Exercise prompt ▸ Among the entries below, please repeat exactly and only the lines from the line containing "depth_path[of v] by simp" to the line containing "red_iff_even_depth by blast", both lines included.

Dataset entries
──────────

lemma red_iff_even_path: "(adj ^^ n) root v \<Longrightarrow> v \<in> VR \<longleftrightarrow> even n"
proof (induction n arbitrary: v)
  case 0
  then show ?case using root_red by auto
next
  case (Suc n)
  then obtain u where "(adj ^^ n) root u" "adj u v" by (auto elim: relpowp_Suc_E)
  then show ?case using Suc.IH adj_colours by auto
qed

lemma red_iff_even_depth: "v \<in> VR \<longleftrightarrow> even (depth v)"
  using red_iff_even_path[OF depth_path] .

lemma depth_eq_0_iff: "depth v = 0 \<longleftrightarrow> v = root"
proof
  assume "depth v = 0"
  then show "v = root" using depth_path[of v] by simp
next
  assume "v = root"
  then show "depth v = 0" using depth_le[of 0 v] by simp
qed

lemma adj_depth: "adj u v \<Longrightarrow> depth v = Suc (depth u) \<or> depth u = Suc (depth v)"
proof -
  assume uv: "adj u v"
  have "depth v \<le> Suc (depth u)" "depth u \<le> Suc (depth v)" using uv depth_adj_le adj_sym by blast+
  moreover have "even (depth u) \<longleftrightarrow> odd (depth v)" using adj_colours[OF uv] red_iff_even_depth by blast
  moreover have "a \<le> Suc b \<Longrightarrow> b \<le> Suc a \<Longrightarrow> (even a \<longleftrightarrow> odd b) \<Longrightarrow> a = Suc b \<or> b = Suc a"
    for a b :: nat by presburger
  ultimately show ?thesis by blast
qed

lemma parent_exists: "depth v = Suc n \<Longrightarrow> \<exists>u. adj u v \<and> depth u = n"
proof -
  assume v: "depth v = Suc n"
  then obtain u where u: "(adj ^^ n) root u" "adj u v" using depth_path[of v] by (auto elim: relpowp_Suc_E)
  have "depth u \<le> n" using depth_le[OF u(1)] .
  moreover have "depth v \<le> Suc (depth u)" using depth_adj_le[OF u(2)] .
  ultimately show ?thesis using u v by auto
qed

──────────

Answer space ▸
  then show "v = root" using depth_path[of v] by simp
next
  assume "v = root"
  then show "depth v = 0" using depth_le[of 0 v] by simp
qed

lemma adj_depth: "adj u v \<Longrightarrow> depth v = Suc (depth u) \<or> depth u = Suc (depth v)"
proof -
  assume uv: "adj u v"
  have "depth v \<le> Suc (depth u)" "depth u \<le> Suc (depth v)" using uv depth_adj_le adj_sym by blast+
  moreover have "even (depth u) \<longleftrightarrow> odd (depth v)" using adj_colours[OF uv] red_iff_even_depth by blast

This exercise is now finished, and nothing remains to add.